## What you need to do:
Go over the lines below, and when one contains the word "that", copy it.

## Collected data:
section \<open>The Dirichlet part of the energy\<close>

definition admissible :: "pt set \<Rightarrow> pt set \<Rightarrow> (pt \<Rightarrow> real) \<Rightarrow> pt set \<Rightarrow> ((pt \<Rightarrow> real) \<times> (pt \<Rightarrow> pt)) set"
  where "admissible \<Omega> N g K = {(v, G). L2loc_on (\<Omega> - K) v \<and> weak_grad (\<Omega> - K) v G \<and>
          L2v_on (\<Omega> - K) G \<and> bc_qe \<Omega> N K g v}"

definition dirichlet :: "pt set \<Rightarrow> pt set \<Rightarrow> (pt \<Rightarrow> real) \<Rightarrow> pt set \<Rightarrow> ennreal"
  where "dirichlet \<Omega> N g K = (INF vG\<in>admissible \<Omega> N g K.
          ennreal (LINT x:(\<Omega> - K)|lebesgue. (norm (snd vG x))\<^sup>2))"

lemma energy_eq_dirichlet_plus_H1: "energy \<Omega> N g K = dirichlet \<Omega> N g K + H1 K"
  unfolding energy_def dirichlet_def admissible_def ..

lemma L2_on_cmult:
  assumes "L2_on A u"
  shows "L2_on A (\<lambda>x. c * u x)"
proof -
  have "(\<lambda>x. c * (indicator A x *\<^sub>R u x)) \<in> borel_measurable lebesgue"
    "set_integrable lebesgue A (\<lambda>x. c\<^sup>2 * (u x)\<^sup>2)"
    using assms unfolding L2_on_def set_borel_measurable_def by auto
  then show ?thesis
    unfolding L2_on_def set_borel_measurable_def by (simp add: power_mult_distrib mult.left_commute)
qed

lemma L2loc_on_cmult: "L2loc_on A u \<Longrightarrow> L2loc_on A (\<lambda>x. c * u x)"
  unfolding L2loc_on_def using L2_on_cmult by blast

lemma L2v_on_scaleR:
  assumes "L2v_on A G"
  shows "L2v_on A (\<lambda>x. c *\<^sub>R G x)"
proof -
  have "(\<lambda>x. indicator A x *\<^sub>R G x) \<in> borel_measurable lebesgue"
    using assms unfolding L2v_on_def set_borel_measurable_def by auto
  then have "(\<lambda>x. c *\<^sub>R (indicator A x *\<^sub>R G x)) \<in> borel_measurable lebesgue"
    by (rule borel_measurable_scaleR[OF borel_measurable_const])
  moreover have "(\<lambda>x. indicator A x *\<^sub>R (c *\<^sub>R G x)) = (\<lambda>x. c *\<^sub>R (indicator A x *\<^sub>R G x))"
    by auto
  moreover have "set_integrable lebesgue A (\<lambda>x. c\<^sup>2 * (norm (G x))\<^sup>2)"
    using assms unfolding L2v_on_def by auto
  ultimately show ?thesis
    unfolding L2v_on_def set_borel_measurable_def by (simp only:) (simp add: power_mult_distrib)
qed

lemma weak_grad_cmult: "weak_grad A u G \<Longrightarrow> weak_grad A (\<lambda>x. c * u x) (\<lambda>x. c *\<^sub>R G x)"
  unfolding weak_grad_def by (auto simp: mult.assoc)

lemma quasicont_on_cmult: "quasicont_on S f \<Longrightarrow> quasicont_on S (\<lambda>x. c * f x)"
  unfolding quasicont_on_def by (metis continuous_on_mult_left)

lemma bc_qe_cmult:
  assumes "bc_qe \<Omega> N K g v" "c \<noteq> 0"
  shows "bc_qe \<Omega> N K (\<lambda>x. c * g x) (\<lambda>x. c * v x)"
proof -
  obtain vt gt where "quasicont_on (closure \<Omega> - K) vt" "AE x in lebesgue. x \<in> \<Omega> - K \<longrightarrow> vt x = v x"
      "quasicont_on (closure \<Omega>) gt" "AE x in lebesgue. x \<in> \<Omega> \<longrightarrow> gt x = g x"
      "cap {x \<in> Dir_bdry \<Omega> N - K. vt x \<noteq> gt x} = 0"
    using assms(1) unfolding bc_qe_def by blast
  then show ?thesis
    unfolding bc_qe_def using assms(2)
    by (intro exI[of _ "\<lambda>x. c * vt x"] exI[of _ "\<lambda>x. c * gt x"])
      (auto simp: quasicont_on_cmult elim!: eventually_mono)
qed

lemma admissible_cmult:
  assumes "(v, G) \<in> admissible \<Omega> N g K" "c \<noteq> 0"
  shows "((\<lambda>x. c * v x), (\<lambda>x. c *\<^sub>R G x)) \<in> admissible \<Omega> N (\<lambda>x. c * g x) K"
  using assms unfolding admissible_def
  by (auto simp: L2loc_on_cmult weak_grad_cmult L2v_on_scaleR bc_qe_cmult)

lemma cap_empty: "cap {} = 0"
proof -
  have "((\<lambda>x. 0), (\<lambda>x. 0)) \<in> {(u, G). weak_grad UNIV u G \<and> L2_on UNIV u \<and> L2v_on UNIV G \<and>
        (\<exists>U. open U \<and> {} \<subseteq> U \<and> (AE x in lebesgue. x \<in> U \<longrightarrow> 1 \<le> u x))}"
    unfolding weak_grad_def L2_on_def L2v_on_def set_borel_measurable_def
    by (auto intro!: exI[of _ "{}"])
  from INF_lower[OF this, of "\<lambda>uG. ennreal (LINT x|lebesgue. (fst uG x)\<^sup>2 + (norm (snd uG x))\<^sup>2)"]
  show ?thesis unfolding cap_def by simp
qed

lemma zero_admissible: "((\<lambda>x. 0), (\<lambda>x. 0)) \<in> admissible \<Omega> N (\<lambda>x. 0) K"
proof -
  have "quasicont_on S (\<lambda>x. 0)" for S
    unfolding quasicont_on_def using cap_empty by (auto intro!: exI[of _ "{}"])
  then have "bc_qe \<Omega> N K (\<lambda>x. 0) (\<lambda>x. 0)"
    unfolding bc_qe_def using cap_empty by (intro exI[of _ "\<lambda>x. 0"]) auto
  then show ?thesis
    unfolding admissible_def L2loc_on_def L2_on_def L2v_on_def weak_grad_def set_borel_measurable_def
    by simp
qed

lemma ennreal_mult_INF:
  fixes k :: ennreal
  assumes "k \<noteq> 0" "k \<noteq> top"
  shows "k * (INF i\<in>A. f i) = (INF i\<in>A. k * f i)"
proof (rule antisym)
  show "k * (INF i\<in>A. f i) \<le> (INF i\<in>A. k * f i)"
    by (intro INF_greatest mult_left_mono INF_lower) auto
  have cancel: "inverse k * (k * x) = x" for x :: ennreal
    using assms by (metis divide_ennreal_def mult.commute mult_divide_eq_ennreal)
  have "inverse k * (INF i\<in>A. k * f i) \<le> (INF i\<in>A. f i)"
    by (rule INF_greatest) (metis INF_lower cancel mult_left_mono zero_le)
  then have "k * (inverse k * (INF i\<in>A. k * f i)) \<le> k * (INF i\<in>A. f i)"
    by (rule mult_left_mono) simp
  moreover have "k * (inverse k * x) = x" for x :: ennreal
    using cancel[of x] by (simp add: ac_simps)
  ultimately show "(INF i\<in>A. k * f i) \<le> k * (INF i\<in>A. f i)"
    by simp
qed

lemma dirichlet_cmult_le:
  assumes "c \<noteq> 0"
  shows "dirichlet \<Omega> N (\<lambda>x. c * g x) K \<le> ennreal (c\<^sup>2) * dirichlet \<Omega> N g K"
proof -
  have "dirichlet \<Omega> N (\<lambda>x. c * g x) K \<le> ennreal (c\<^sup>2) * ennreal (LINT x:(\<Omega> - K)|lebesgue. (norm (G x))\<^sup>2)"
    if "(v, G) \<in> admissible \<Omega> N g K" for v G
  proof -
    have "dirichlet \<Omega> N (\<lambda>x. c * g x) K \<le> ennreal (LINT x:(\<Omega> - K)|lebesgue. (norm (c *\<^sub>R G x))\<^sup>2)"
      unfolding dirichlet_def using admissible_cmult[OF that assms] by (force intro: INF_lower2)
    moreover have "(LINT x:(\<Omega> - K)|lebesgue. (norm (G x))\<^sup>2) \<ge> 0"
      unfolding set_lebesgue_integral_def by (intro Bochner_Integration.integral_nonneg_AE AE_I2) simp
    ultimately show ?thesis
      by (simp add: power_mult_distrib ennreal_mult)
  qed
  then have "dirichlet \<Omega> N (\<lambda>x. c * g x) K \<le> (INF vG\<in>admissible \<Omega> N g K.
      ennreal (c\<^sup>2) * ennreal (LINT x:(\<Omega> - K)|lebesgue. (norm (snd vG x))\<^sup>2))"
    by (intro INF_greatest) auto
  also have "\<dots> = ennreal (c\<^sup>2) * dirichlet \<Omega> N g K"
    unfolding dirichlet_def using assms by (simp add: ennreal_mult_INF)
  finally show ?thesis .
qed

lemma dirichlet_cmult: "dirichlet \<Omega> N (\<lambda>x. c * g x) K = ennreal (c\<^sup>2) * dirichlet \<Omega> N g K"
proof (cases "c = 0")
  case True
  have "dirichlet \<Omega> N (\<lambda>x. 0) K = 0"
    using INF_lower[OF zero_admissible, of "\<lambda>vG. ennreal (LINT x:(\<Omega> - K)|lebesgue. (norm (snd vG x))\<^sup>2)"]
    unfolding dirichlet_def by simp
  with True show ?thesis by simp
next
  case False
  have "ennreal (c\<^sup>2) * dirichlet \<Omega> N g K
      = ennreal (c\<^sup>2) * dirichlet \<Omega> N (\<lambda>x. (1 / c) * (c * g x)) K"
    using False by simp
  also have "\<dots> \<le> ennreal (c\<^sup>2) * (ennreal ((1 / c)\<^sup>2) * dirichlet \<Omega> N (\<lambda>x. c * g x) K)"
    using False by (intro mult_left_mono dirichlet_cmult_le) auto
  also have "\<dots> = dirichlet \<Omega> N (\<lambda>x. c * g x) K"
    using False by (simp add: mult.assoc[symmetric] ennreal_mult[symmetric] power_divide)
  finally show ?thesis
    using dirichlet_cmult_le[OF False] by (rule antisym[rotated])
qed

lemma partial_eq_0_outside_support:
  assumes "x \<notin> closure {y. \<phi> y \<noteq> 0}"
  shows "partial i \<phi> x = 0"
proof -
  have "((\<lambda>y. 0) has_derivative (\<lambda>v. 0)) (at x)" by simp
  then have "(\<phi> has_derivative (\<lambda>v. 0)) (at x)"
    by (rule has_derivative_transform_within_open[of _ _ _ _ "- closure {y. \<phi> y \<noteq> 0}"])
      (use assms closure_subset[of "{y. \<phi> y \<noteq> 0}"] in force)+
  then show ?thesis
    unfolding partial_def using frechet_derivative_at by metis
qed

lemma weak_grad_subset:
  assumes "weak_grad A u G" "B \<subseteq> A"
  shows "weak_grad B u G"
  unfolding weak_grad_def
proof (intro conjI allI impI)
  fix C assume "compact C \<and> C \<subseteq> B"
  with assms show "set_integrable lebesgue C u" "set_integrable lebesgue C (\<lambda>x. G x $ i)" for i
    unfolding weak_grad_def by auto
next
  fix \<phi> i assume \<phi>: "test_fun B \<phi>"
  then have "test_fun A \<phi>" and supp: "closure {y. \<phi> y \<noteq> 0} \<subseteq> B"
    using assms(2) unfolding test_fun_def by auto
  then have "(LINT x:A|lebesgue. u x * partial i \<phi> x) = - (LINT x:A|lebesgue. G x $ i * \<phi> x)"
    using assms(1) unfolding weak_grad_def by blast
  moreover have "\<phi> x = 0" "partial i \<phi> x = 0" if "x \<in> A - B" for x
    using that supp closure_subset[of "{y. \<phi> y \<noteq> 0}"] partial_eq_0_outside_support[of x \<phi> i] by auto
  then have "(LINT x:A|lebesgue. u x * partial i \<phi> x) = (LINT x:B|lebesgue. u x * partial i \<phi> x)"
    "(LINT x:A|lebesgue. G x $ i * \<phi> x) = (LINT x:B|lebesgue. G x $ i * \<phi> x)"
    unfolding set_lebesgue_integral_def using assms(2)
    by (auto intro!: Bochner_Integration.integral_cong split: split_indicator)
  ultimately show "(LINT x:B|lebesgue. u x * partial i \<phi> x) = - (LINT x:B|lebesgue. G x $ i * \<phi> x)"
    by simp
qed

lemma L2v_on_subset:
  assumes "L2v_on A G" "B \<in> sets lebesgue" "B \<subseteq> A"
  shows "L2v_on B G"
  using assms set_borel_measurable_subset set_integrable_subset unfolding L2v_on_def by metis

lemma L2loc_on_subset: "L2loc_on A u \<Longrightarrow> B \<subseteq> A \<Longrightarrow> L2loc_on B u"
  unfolding L2loc_on_def by blast

lemma cap_mono: "E \<subseteq> E' \<Longrightarrow> cap E \<le> cap E'"
  unfolding cap_def by (rule INF_superset_mono) auto

lemma quasicont_on_subset: "quasicont_on S f \<Longrightarrow> S' \<subseteq> S \<Longrightarrow> quasicont_on S' f"
  unfolding quasicont_on_def by (meson Diff_mono continuous_on_subset order_refl)

lemma bc_qe_mono:
  assumes "bc_qe \<Omega> N K g v" "K \<subseteq> K'"
  shows "bc_qe \<Omega> N K' g v"
proof -
  obtain vt gt where vt: "quasicont_on (closure \<Omega> - K) vt" "AE x in lebesgue. x \<in> \<Omega> - K \<longrightarrow> vt x = v x"
      and gt: "quasicont_on (closure \<Omega>) gt" "AE x in lebesgue. x \<in> \<Omega> \<longrightarrow> gt x = g x"
      and cap0: "cap {x \<in> Dir_bdry \<Omega> N - K. vt x \<noteq> gt x} = 0"
    using assms(1) unfolding bc_qe_def by blast
  have "quasicont_on (closure \<Omega> - K') vt"
    using quasicont_on_subset[OF vt(1)] assms(2) by blast
  moreover have "AE x in lebesgue. x \<in> \<Omega> - K' \<longrightarrow> vt x = v x"
    using vt(2) by (rule eventually_mono) (use assms(2) in blast)
  moreover have "cap {x \<in> Dir_bdry \<Omega> N - K'. vt x \<noteq> gt x} = 0"
  proof -
    have "{x \<in> Dir_bdry \<Omega> N - K'. vt x \<noteq> gt x} \<subseteq> {x \<in> Dir_bdry \<Omega> N - K. vt x \<noteq> gt x}"
      using assms(2) by blast
    from cap_mono[OF this] show ?thesis using cap0 by simp
  qed
  ultimately show ?thesis
    unfolding bc_qe_def using gt by blast
qed

lemma admissible_mono:
  assumes "open \<Omega>" "closed K'" "K \<subseteq> K'"
  shows "admissible \<Omega> N g K \<subseteq> admissible \<Omega> N g K'"
proof -
  have sub: "\<Omega> - K' \<subseteq> \<Omega> - K" and meas: "\<Omega> - K' \<in> sets lebesgue"
    using assms by (auto simp: open_Diff)
  show ?thesis
    unfolding admissible_def
    using L2loc_on_subset[OF _ sub] weak_grad_subset[OF _ sub] L2v_on_subset[OF _ meas sub]
      bc_qe_mono[OF _ assms(3)]
    by blast
qed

## The answer:
      unfolding dirichlet_def using admissible_cmult[OF that assms] by (force intro: INF_lower2)
    using that supp closure_subset[of "{y. \<phi> y \<noteq> 0}"] partial_eq_0_outside_support[of x \<phi> i] by auto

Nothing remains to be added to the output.